I love actors, but baking them into the language like this seems like the wrong approach to me.
The language should provide all the necessary abstractions to create an isolated context. Actors can then "just" be a default abstraction provided by the standard library.
Side note: has the Swift cross platform support improved? I was very much looking forward to using Swift as a general purpose language, but Apple didn't seem very interested in making it a true first class cross platform language. I believe IBM also dropped their "Swift for the server" efforts a while ago due to similar concerns.
While it takes some work I have successfully run Swift code on the usual suspects (iOS/Mac) as well as Windows, Android and Linux.
If you ditch Foundation and rely on C libs you are able to use it pretty much anywhere.
i'd be EXTREMELY interested in knowing more about that. I'm currently developing an app on iOS in swift, in the hope of porting the model layer to other platforms such as android (i don't mind redevelopping the UI).
i have been carefully avoiding any objective-c code so far, but i must admit i haven't been to careful with foundation dependencies.
Do you have a blog post explaining what you did and what limitations you encountered ?
You can find some info by searching, there has been a few attempts to get it running on Android.

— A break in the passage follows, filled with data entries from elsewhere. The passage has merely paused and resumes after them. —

lemma polar_pos_half_minkowski_unit_square:
  assumes "compact K" "K \<noteq> {}"
  shows "polar_pos ((\<lambda>y. (1/2::real) *\<^sub>R y) ` minkowski_sum K ({0..1} \<times> {0..1}))
    = {t \<in> {0..} \<times> {0..}. support_fun K t + fst t + snd t \<le> 2}"
proof -
  have square: "compact ({0..1::real} \<times> {0..1::real})" "{0..1::real} \<times> {0..1::real} \<noteq> {}"
    by (auto intro: compact_Times)
  have "compact (minkowski_sum K ({0..1} \<times> {0..1}))"
    unfolding minkowski_sum_def by (rule compact_sums[OF assms(1) square(1)])
  moreover have "minkowski_sum K ({0..1} \<times> {0..1}) \<noteq> {}"
    using assms(2) square(2) unfolding minkowski_sum_def by blast
  ultimately have support_L: "support_fun ((\<lambda>y. (1/2::real) *\<^sub>R y) ` minkowski_sum K ({0..1} \<times> {0..1})) t
      = (support_fun K t + fst t + snd t) / 2" if "0 \<le> fst t" "0 \<le> snd t" for t
    using support_fun_image_scaleR[of "minkowski_sum K ({0..1} \<times> {0..1})" "1/2" t]
      support_fun_minkowski_sum[OF assms square, of t] support_fun_unit_square[OF that]
    by simp
  show ?thesis
  proof (intro set_eqI)
    fix t :: "real \<times> real"
    show "t \<in> polar_pos ((\<lambda>y. (1/2::real) *\<^sub>R y) ` minkowski_sum K ({0..1} \<times> {0..1}))
      \<longleftrightarrow> t \<in> {t \<in> {0..} \<times> {0..}. support_fun K t + fst t + snd t \<le> 2}"
      by (cases t) (auto simp: polar_pos_def support_L)
  qed
qed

Also just searching around github will net some other attempts.
The foundation dependency is the biggest problem. You can check out https://github.com/apple/swift-corelibs-foundation which gets rid of the objc runtime dependency for other platforms, though you will find yourself writing implementations for each eventually.
I would say if you are going to stay with just Android/iOS to look into maybe moving to Kotlin or C for your common layer and then call it from Swift. Kotlin multi-platform also has been improving recently.